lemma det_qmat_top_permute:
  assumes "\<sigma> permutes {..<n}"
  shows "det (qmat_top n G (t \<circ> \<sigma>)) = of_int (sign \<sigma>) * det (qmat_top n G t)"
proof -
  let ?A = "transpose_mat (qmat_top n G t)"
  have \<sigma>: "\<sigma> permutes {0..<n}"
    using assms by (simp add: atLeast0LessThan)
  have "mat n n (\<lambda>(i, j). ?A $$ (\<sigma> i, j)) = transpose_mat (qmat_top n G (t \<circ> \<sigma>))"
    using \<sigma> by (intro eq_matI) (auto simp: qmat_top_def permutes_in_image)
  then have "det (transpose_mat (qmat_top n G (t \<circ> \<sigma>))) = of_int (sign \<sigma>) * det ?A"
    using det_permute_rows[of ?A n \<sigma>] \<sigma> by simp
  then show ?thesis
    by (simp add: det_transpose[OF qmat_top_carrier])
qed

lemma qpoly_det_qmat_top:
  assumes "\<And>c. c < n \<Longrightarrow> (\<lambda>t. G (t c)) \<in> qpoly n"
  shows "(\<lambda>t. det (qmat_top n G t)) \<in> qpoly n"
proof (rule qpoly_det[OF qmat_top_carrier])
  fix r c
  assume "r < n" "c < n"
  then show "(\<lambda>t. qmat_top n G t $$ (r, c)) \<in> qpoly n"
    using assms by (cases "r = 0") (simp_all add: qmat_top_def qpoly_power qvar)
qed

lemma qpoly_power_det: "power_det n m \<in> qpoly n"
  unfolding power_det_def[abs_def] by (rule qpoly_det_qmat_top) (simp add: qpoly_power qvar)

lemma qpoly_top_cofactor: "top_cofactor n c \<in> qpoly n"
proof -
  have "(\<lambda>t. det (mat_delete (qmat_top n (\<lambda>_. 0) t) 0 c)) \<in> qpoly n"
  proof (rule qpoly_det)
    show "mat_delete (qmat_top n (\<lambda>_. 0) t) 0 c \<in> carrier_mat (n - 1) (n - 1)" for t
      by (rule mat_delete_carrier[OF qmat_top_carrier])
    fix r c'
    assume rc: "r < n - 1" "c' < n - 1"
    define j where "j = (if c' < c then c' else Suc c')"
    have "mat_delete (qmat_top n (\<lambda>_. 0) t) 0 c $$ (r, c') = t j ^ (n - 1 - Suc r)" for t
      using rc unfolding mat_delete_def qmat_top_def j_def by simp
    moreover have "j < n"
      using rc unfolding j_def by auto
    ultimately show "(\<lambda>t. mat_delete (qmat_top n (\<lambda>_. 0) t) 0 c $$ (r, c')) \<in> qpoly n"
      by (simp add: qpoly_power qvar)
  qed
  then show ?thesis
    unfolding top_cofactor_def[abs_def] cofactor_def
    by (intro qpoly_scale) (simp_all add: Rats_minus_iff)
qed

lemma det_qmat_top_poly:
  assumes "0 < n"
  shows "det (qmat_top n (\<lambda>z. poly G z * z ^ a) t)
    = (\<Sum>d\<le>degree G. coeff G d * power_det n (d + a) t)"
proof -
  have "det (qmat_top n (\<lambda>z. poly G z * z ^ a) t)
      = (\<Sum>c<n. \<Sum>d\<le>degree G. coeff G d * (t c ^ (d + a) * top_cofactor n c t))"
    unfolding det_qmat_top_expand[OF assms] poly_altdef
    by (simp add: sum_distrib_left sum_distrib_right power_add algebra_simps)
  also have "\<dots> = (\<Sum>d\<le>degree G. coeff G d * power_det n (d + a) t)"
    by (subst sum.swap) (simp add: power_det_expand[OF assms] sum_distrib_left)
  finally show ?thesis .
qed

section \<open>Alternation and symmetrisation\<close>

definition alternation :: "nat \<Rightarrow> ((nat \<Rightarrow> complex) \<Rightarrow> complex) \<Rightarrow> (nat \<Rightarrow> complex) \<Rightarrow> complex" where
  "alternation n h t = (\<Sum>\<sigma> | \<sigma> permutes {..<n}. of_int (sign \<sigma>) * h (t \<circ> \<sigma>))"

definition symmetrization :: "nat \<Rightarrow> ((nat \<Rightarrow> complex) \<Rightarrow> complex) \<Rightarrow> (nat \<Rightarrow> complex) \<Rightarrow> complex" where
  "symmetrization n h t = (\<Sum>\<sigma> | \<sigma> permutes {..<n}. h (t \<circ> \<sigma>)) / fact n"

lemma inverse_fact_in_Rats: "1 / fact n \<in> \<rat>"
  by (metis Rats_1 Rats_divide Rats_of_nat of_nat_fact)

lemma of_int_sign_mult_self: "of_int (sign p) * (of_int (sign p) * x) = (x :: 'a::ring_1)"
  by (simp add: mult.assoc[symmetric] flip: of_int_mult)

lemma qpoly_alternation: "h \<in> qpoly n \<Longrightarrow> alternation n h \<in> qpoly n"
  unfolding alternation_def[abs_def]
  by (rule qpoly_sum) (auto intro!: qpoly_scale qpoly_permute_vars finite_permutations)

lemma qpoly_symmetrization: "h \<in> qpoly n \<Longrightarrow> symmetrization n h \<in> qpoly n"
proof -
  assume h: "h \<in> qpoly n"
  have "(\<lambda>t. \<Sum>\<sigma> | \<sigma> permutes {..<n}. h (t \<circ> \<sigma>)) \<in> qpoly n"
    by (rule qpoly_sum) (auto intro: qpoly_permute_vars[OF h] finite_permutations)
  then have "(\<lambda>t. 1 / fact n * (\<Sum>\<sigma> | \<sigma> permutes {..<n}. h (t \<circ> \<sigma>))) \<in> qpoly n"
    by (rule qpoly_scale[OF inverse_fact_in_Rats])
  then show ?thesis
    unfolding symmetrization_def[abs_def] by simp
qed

▶ [Assigned task] Check the listing above for lines containing the string "auto", and copy each one.

▶ [Written solution]
    using \<sigma> by (intro eq_matI) (auto simp: qmat_top_def permutes_in_image)
      using rc unfolding j_def by auto
  by (rule qpoly_sum) (auto intro!: qpoly_scale qpoly_permute_vars finite_permutations)
    by (rule qpoly_sum) (auto intro: qpoly_permute_vars[OF h] finite_permutations)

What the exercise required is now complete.